### Exercise objective
Reproduce the opening lines of the records exactly, up to and including the line in which "text \<open>Vertex set" occurs.

*** Given records ***

(* In the planted $k$-factor model with $p=\lambda/n$, assume $k\lambda\ge 1+\epsilon$ for some constant $\epsilon>0$. Then for every $\delta>0$ and every realization of $H^*$, $$\mathbb P\Big(|\mathcal H_{\rm good}(G)|\le \tfrac{k\lambda}{k\lambda-1}(k\lambda)^{\delta n}\ \Big|\ H^*\Big)\ge 1-(k\lambda)^{-\delta n/2}.$$
   Context: Planted $k$-factor model: fix an integer $k\ge1$ and $n$ with $kn$ even. A $k$-factor on $[n]$ is a $k$-regular simple graph with vertex set $[n]$, identified with its edge set; $\mathcal H$ is the set of all $k$-factors on $[n]$. Let $p=\lambda/n\in[0,1]$. Draw $H^*$ uniformly at random from $\mathcal H$ and, independently, $G_0\sim\mathcal G(n,p)$. The observed graph is $G=G_0\cup H^*$. For $H\in\mathcal H$, $\ell(H,H^* )=|H\triangle H^*|/(kn/2)$. For $\delta>0$, $\mathcal H_{\rm good}(G)=\{H\in\mathcal H:\ \ell(H,H^* )<2\delta/k,\ H\subseteq E(G)\}$. *)

theory Defs
  imports "HOL-Probability.Probability"
begin

text \<open>Vertex set [n] is rendered as {0..<n}; an (undirected, simple) edge is a
  2-element set of vertices; a graph is identified with its edge set.\<close>

definition all_edges :: "nat \<Rightarrow> nat set set" where
  "all_edges n = {e. \<exists>u v. e = {u, v} \<and> u \<noteq> v \<and> u < n \<and> v < n}"

definition is_k_factor :: "nat \<Rightarrow> nat \<Rightarrow> nat set set \<Rightarrow> bool" where
  "is_k_factor n k H \<longleftrightarrow> H \<subseteq> all_edges n \<and> (\<forall>v<n. card {e\<in>H. v \<in> e} = k)"

definition k_factors :: "nat \<Rightarrow> nat \<Rightarrow> nat set set set" where
  "k_factors n k = {H. is_k_factor n k H}"

definition G_np :: "nat \<Rightarrow> real \<Rightarrow> nat set set pmf" where
  "G_np n p = map_pmf (\<lambda>f. {e \<in> all_edges n. f e})
                      (Pi_pmf (all_edges n) False (\<lambda>_. bernoulli_pmf p))"

definition loss :: "nat \<Rightarrow> nat \<Rightarrow> nat set set \<Rightarrow> nat set set \<Rightarrow> real" where
  "loss n k H Hs = real (card ((H - Hs) \<union> (Hs - H))) / (real k * real n / 2)"

definition H_good :: "nat \<Rightarrow> nat \<Rightarrow> real \<Rightarrow> nat set set \<Rightarrow> nat set set \<Rightarrow> nat set set set" where
  "H_good n k \<delta> Hs G = {H \<in> k_factors n k. loss n k H Hs < 2 * \<delta> / real k \<and> H \<subseteq> G}"

end

theory Submission
  imports Defs
begin

text \<open>First-moment argument. A \<open>k\<close>-factor \<open>H\<close> lies in \<open>G\<^sub>0 \<union> H\<^sup>*\<close> iff \<open>H - H\<^sup>* \<subseteq> G\<^sub>0\<close>,
  which has probability \<open>p\<^sup>d\<close> for \<open>d = |H - H\<^sup>*|\<close>. The graphs \<open>H - H\<^sup>*\<close> and \<open>H\<^sup>* - H\<close> have the
  same degree sequence, so \<open>H\<close> is determined by a \<open>d\<close>-subset of \<open>H\<^sup>*\<close> together with a graph
  of prescribed degrees with \<open>d\<close> edges; there are at most \<open>(2d-1)!! \<le> 2\<^sup>d d!\<close> of the latter, hence
  at most \<open>(kn)\<^sup>d\<close> factors at distance \<open>d\<close>. Good factors have \<open>d < \<delta>n/2\<close>, so the expected
  number of them is at most the geometric sum of \<open>(k\<lambda>)^d\<close> over \<open>d < \<delta>n/2\<close>, i.e. at most
  \<open>k\<lambda>/(k\<lambda>-1) (k\<lambda>)^(\<delta>n/2)\<close>, and Markov's inequality at the threshold
  \<open>k\<lambda>/(k\<lambda>-1) (k\<lambda>)^(\<delta>n)\<close> gives the claim.\<close>

definition deg :: "nat set set \<Rightarrow> nat \<Rightarrow> nat" where
  "deg A v = card {e\<in>A. v \<in> e}"

lemma finite_all_edges: "finite (all_edges n)"
  by (rule finite_subset[of _ "Pow {..<n}"]) (auto simp: all_edges_def)

lemma card_edge: "e \<in> all_edges n \<Longrightarrow> card e = 2"
  by (auto simp: all_edges_def)

lemma edge_vertex_less: "e \<in> all_edges n \<Longrightarrow> v \<in> e \<Longrightarrow> v < n"
  by (auto simp: all_edges_def)

lemma edge_through_vertex:
  assumes "e \<in> all_edges n" "u \<in> e"
  obtains w where "e = {u, w}" "w \<noteq> u"
  using assms by (auto simp: all_edges_def)

lemma sum_deg_eq_twice_card:
  assumes "A \<subseteq> all_edges n"
  shows "(\<Sum>v<n. deg A v) = 2 * card A"
proof -
  have fA: "finite A" using assms finite_all_edges by (rule finite_subset)
  have "(\<Sum>v<n. deg A v) = (\<Sum>v<n. \<Sum>e\<in>A. if v \<in> e then 1 else 0)"
    unfolding deg_def using fA by (simp add: sum.If_cases Int_def)
  also have "\<dots> = (\<Sum>e\<in>A. \<Sum>v<n. if v \<in> e then 1 else 0)"
    by (rule sum.swap)
  also have "\<dots> = (\<Sum>e\<in>A. 2)"
  proof (rule sum.cong[OF refl])
    fix e assume "e \<in> A"
    hence "e \<subseteq> {..<n}" "card e = 2" using assms edge_vertex_less card_edge by blast+
    thus "(\<Sum>v<n. if v \<in> e then 1 else 0) = (2::nat)"
      by (simp add: sum.If_cases Int_absorb1)
  qed
  finally show ?thesis by simp
qed

lemma deg_pos_iff: "finite A \<Longrightarrow> 0 < deg A v \<longleftrightarrow> v \<in> \<Union>A"
  by (auto simp: deg_def card_gt_0_iff)

lemma deg_Diff_singleton:
  "finite A \<Longrightarrow> e \<in> A \<Longrightarrow> deg (A - {e}) v = deg A v - (if v \<in> e then 1 else 0)"
proof -
  assume "finite A" "e \<in> A"
  moreover have "{x\<in>A - {e}. v \<in> x} = {x\<in>A. v \<in> x} - {e}" by auto
  ultimately show ?thesis unfolding deg_def by (auto simp: card_Diff_singleton_if)
qed

lemma deg_Int_Diff: "finite A \<Longrightarrow> deg A v = deg (A \<inter> B) v + deg (A - B) v"
proof -
  assume "finite A"
  hence "card ({e\<in>A \<inter> B. v \<in> e} \<union> {e\<in>A - B. v \<in> e}) =
      card {e\<in>A \<inter> B. v \<in> e} + card {e\<in>A - B. v \<in> e}"
    by (intro card_Un_disjoint) auto
  moreover have "{e\<in>A. v \<in> e} = {e\<in>A \<inter> B. v \<in> e} \<union> {e\<in>A - B. v \<in> e}" by auto
  ultimately show ?thesis unfolding deg_def by simp
qed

*** End of Given records ***

### Reply
(* In the planted $k$-factor model with $p=\lambda/n$, assume $k\lambda\ge 1+\epsilon$ for some constant $\epsilon>0$. Then for every $\delta>0$ and every realization of $H^*$, $$\mathbb P\Big(|\mathcal H_{\rm good}(G)|\le \tfrac{k\lambda}{k\lambda-1}(k\lambda)^{\delta n}\ \Big|\ H^*\Big)\ge 1-(k\lambda)^{-\delta n/2}.$$
   Context: Planted $k$-factor model: fix an integer $k\ge1$ and $n$ with $kn$ even. A $k$-factor on $[n]$ is a $k$-regular simple graph with vertex set $[n]$, identified with its edge set; $\mathcal H$ is the set of all $k$-factors on $[n]$. Let $p=\lambda/n\in[0,1]$. Draw $H^*$ uniformly at random from $\mathcal H$ and, independently, $G_0\sim\mathcal G(n,p)$. The observed graph is $G=G_0\cup H^*$. For $H\in\mathcal H$, $\ell(H,H^* )=|H\triangle H^*|/(kn/2)$. For $\delta>0$, $\mathcal H_{\rm good}(G)=\{H\in\mathcal H:\ \ell(H,H^* )<2\delta/k,\ H\subseteq E(G)\}$. *)

theory Defs
  imports "HOL-Probability.Probability"
begin

text \<open>Vertex set [n] is rendered as {0..<n}; an (undirected, simple) edge is a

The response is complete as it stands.